Perdagangan kripto belakangan ini kerap dijadikan kambing hitam atas segenap kasus penipuan investasi. Prasangka ini muncul karena banyak investasi bodong yang menggunakan aset kripto sebagai alat pembayarannya, Padahal, yang menjadi persoalan dalam kasus-kasus investasi bodong adalah lebih pada modus skema ponzinya.
Keberadaan aset kripto di tengah masyarakat Indonesia sebenarnya sudah dinaungi payung hukum, salah satunya Peraturan Badan Pengawas Perdagangan Berjangka Komoditi (Bappebti) Kementerian Perdagangan Nomor 8 Tahun 2021 tentang Pedoman Penyelenggaraan Perdagangan Pasar Fisik di Bursa Berjangka. Di Indonesia, aset kripto bisa diperdagangkan sebagai komoditas.
Selama tepat dalam memilih platform, menggunakan aset kripto sebagai instrumen investasi bukanlah hal yang berbahaya atau melanggar hukum.
Pekerjaan rumah terbesar para praktisi kripto saat ini adalah mengedukasi dan meningkatkan pemahaman publik tentang seluk-beluk aset kripto berikut ekosistem teknologinya secara utuh.

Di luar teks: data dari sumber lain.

lemma maximiser_of_capped_homogeneous:
  fixes g :: "('b::finite \<Rightarrow> real) \<Rightarrow> real"
  assumes pos: "\<And>w. \<forall>i. w i > 0 \<Longrightarrow> g w > 0"
    and hom: "\<And>w c. \<forall>i. w i > 0 \<Longrightarrow> c > 0 \<Longrightarrow> g (\<lambda>i. c * w i) = c * g w"
    and wstar: "wstar \<in> open_simplex"
    and max: "\<And>w. w \<in> open_simplex \<Longrightarrow>
      min (1 - (\<Sum>i\<in>UNIV. w i)) (g w) \<le> min (1 - (\<Sum>i\<in>UNIV. wstar i)) (g wstar)"
  shows "(\<lambda>j. wstar j / (\<Sum>i\<in>UNIV. wstar i)) \<in> pos_prob_vectors
    \<and> (\<forall>p\<in>pos_prob_vectors. g p \<le> g (\<lambda>j. wstar j / (\<Sum>i\<in>UNIV. wstar i)))
    \<and> g (\<lambda>j. wstar j / (\<Sum>i\<in>UNIV. wstar i))
        = min (1 - (\<Sum>i\<in>UNIV. wstar i)) (g wstar) / (\<Sum>i\<in>UNIV. wstar i)"
proof -
  define t where "t = (\<Sum>i\<in>UNIV. wstar i)"
  define p where "p j = wstar j / t" for j
  define G where "G = g p"
  have wstar_pos: "\<And>i. wstar i > 0" and "t < 1"
    using wstar unfolding open_simplex_def t_def by auto
  then have "t > 0" unfolding t_def by (simp add: sum_pos)
  have p_pos: "\<forall>i. p i > 0" using wstar_pos \<open>t > 0\<close> by (simp add: p_def)
  have "p \<in> pos_prob_vectors"
    using p_pos \<open>t > 0\<close> by (simp add: pos_prob_vectors_def p_def t_def sum_divide_distrib[symmetric])
  have "G > 0" unfolding G_def using pos p_pos by blast
  have "wstar = (\<lambda>i. t * p i)" using \<open>t > 0\<close> by (simp add: p_def)
  then have g_wstar: "g wstar = t * G" using hom[OF p_pos \<open>t > 0\<close>] by (simp add: G_def)
  have bound: "g q / (1 + g q) \<le> min (1 - t) (t * G)" if "q \<in> pos_prob_vectors" for q
    using capped_maximum_bound[of g "min (1 - t) (g wstar)" q, OF pos hom _ that] max g_wstar
    unfolding t_def by simp
  from bound[OF \<open>p \<in> pos_prob_vectors\<close>] have "G / (1 + G) \<le> 1 - t" "G / (1 + G) \<le> t * G"
    by (simp_all add: G_def)
  then have "t * (1 + G) \<le> 1" "G * 1 \<le> G * (t * (1 + G))"
    using \<open>G > 0\<close> by (simp_all add: field_simps)
  then have balance: "t * (1 + G) = 1"
    using \<open>G > 0\<close> by (simp only: mult_le_cancel_left_pos)
  have "g q \<le> G" if q: "q \<in> pos_prob_vectors" for q
  proof -
    have "t * G = G / (1 + G)"
      using balance \<open>G > 0\<close> by (simp add: field_simps)
    then have "g q / (1 + g q) \<le> G / (1 + G)"
      using bound[OF q] by simp
    moreover have "g q > 0" using q pos unfolding pos_prob_vectors_def by blast
    ultimately show ?thesis using \<open>G > 0\<close> by (simp add: field_simps)
  qed
  moreover have "G = min (1 - t) (g wstar) / t"
    using balance g_wstar \<open>t > 0\<close> by (simp add: field_simps)
  ultimately show ?thesis
    using \<open>p \<in> pos_prob_vectors\<close> unfolding p_def G_def t_def by blast
qed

Dengan memahami seluk-beluk aset kripto, berarti publik juga memahami memahami faktor-faktor fundamental pembentuk harga. Valuasi harga aset kripto dibentuk dari inovasi teknologi, fungsi intrinsik token kripto, hingga memunculkan sentimen terhadap ramalan masa depan.
Token atau koin kripto adalah aset digital yang mewakili nilai. Koin biasanya digunakan untuk tujuan investasi, menyimpan nilai, atau transaksi perdagangan. Sebagaimana saham, nilai koin akan naik atau turun berdasarkan permintaan dan penawaran, tetapi perkembangan proyek dan kinerja pengembang menjadi penopangnya.
Ketika sebuah proyek kripto berkembang, antara lain ditandai dengan peningkatan adopsi pengguna, permintaan koin akan meningkat sehingga mendongkrak harganya. Sebaliknya, ketika sebuah proyek ditinggalkan penggunanya, permintaan dan harga koin biasanya akan turun.
Memahami fundamental aset kripto menjadi penting karena tidak sedikit proyek token kripto yang gagal dan kemudian harganya jatuh. Anjloknya nilai valuasi token kripto yang diterbitkan para pesohor Tanah Air menjadi contohnya.
Untuk mengetahui fundamental dari token kripto, masyarakat bisa membaca laporan dari penerbit. Biasanya dalam dokumen tersebut terdapat latar belakang, tujuan, strategi, pertimbangan, hingga peta jalan untuk implementasi rantai blok selama beberapa tahun ke depan.
Jika fundamental dan proyeknya tidak jelas, masyarakat tidak perlu memaksakan diri untuk membeli token kripto yang diterbitkan para pesohor. Jika kehadiran token kripto tidak disertai dengan strategi inovasi teknologi, berikut proposal proyek yang akan dikembangkan, maka token kripto tersebut patut diragukan.
Baca juga : ”Booming” Aset Kripto, Riset Dulu Sebelum Beli
Untuk melindungi investor, Bappepti sebenarnya telah mensyaratkan sejumlah kriteria aset kripto yang diperdagangkan pada tempat pertukaran lokal, antara lain aset kripto mesti telah memiliki hasil penilaian dengan metode analisis hierarki proses yang ditetapkan Bappebti. Di Indonesia, berdasarkan aturan itu, terdapat 229 koin kripto yang sah untuk diperdagangkan.
Menurut data internal Tokocrypto, saat ini 67 persen investor aset kripto di Indonesia merupakan populasi di bawah usia 34 tahun. Sejalan dengan data tersebut, Bappepti mencatat pada 2021 ada 7,5 juta investor aset kripto tergolong generasi milenial.
Kementerian Perdagangan memperkirakan transaksi kripto di Indonesia sepanjang 2021 mencapai Rp 859 triliun dengan jumlah pelanggan 11,2 juta pelaku dan nilai transaksi harian Rp 2,7 triliun.
Data di atas menunjukkan fakta bahwa banyak investor kripto di Indonesia masih sangat belia sehingga muncul prospek pertumbuhan berkelanjutan pada perdagangan aset kripto.
Melalui kegiatan literasi dan edukasi yang terkoordinasi dan masif oleh semua pemangku kepentingan, diharapkan pemahaman dan gairah masyarakat dalam berinvestasi semakin meningkat.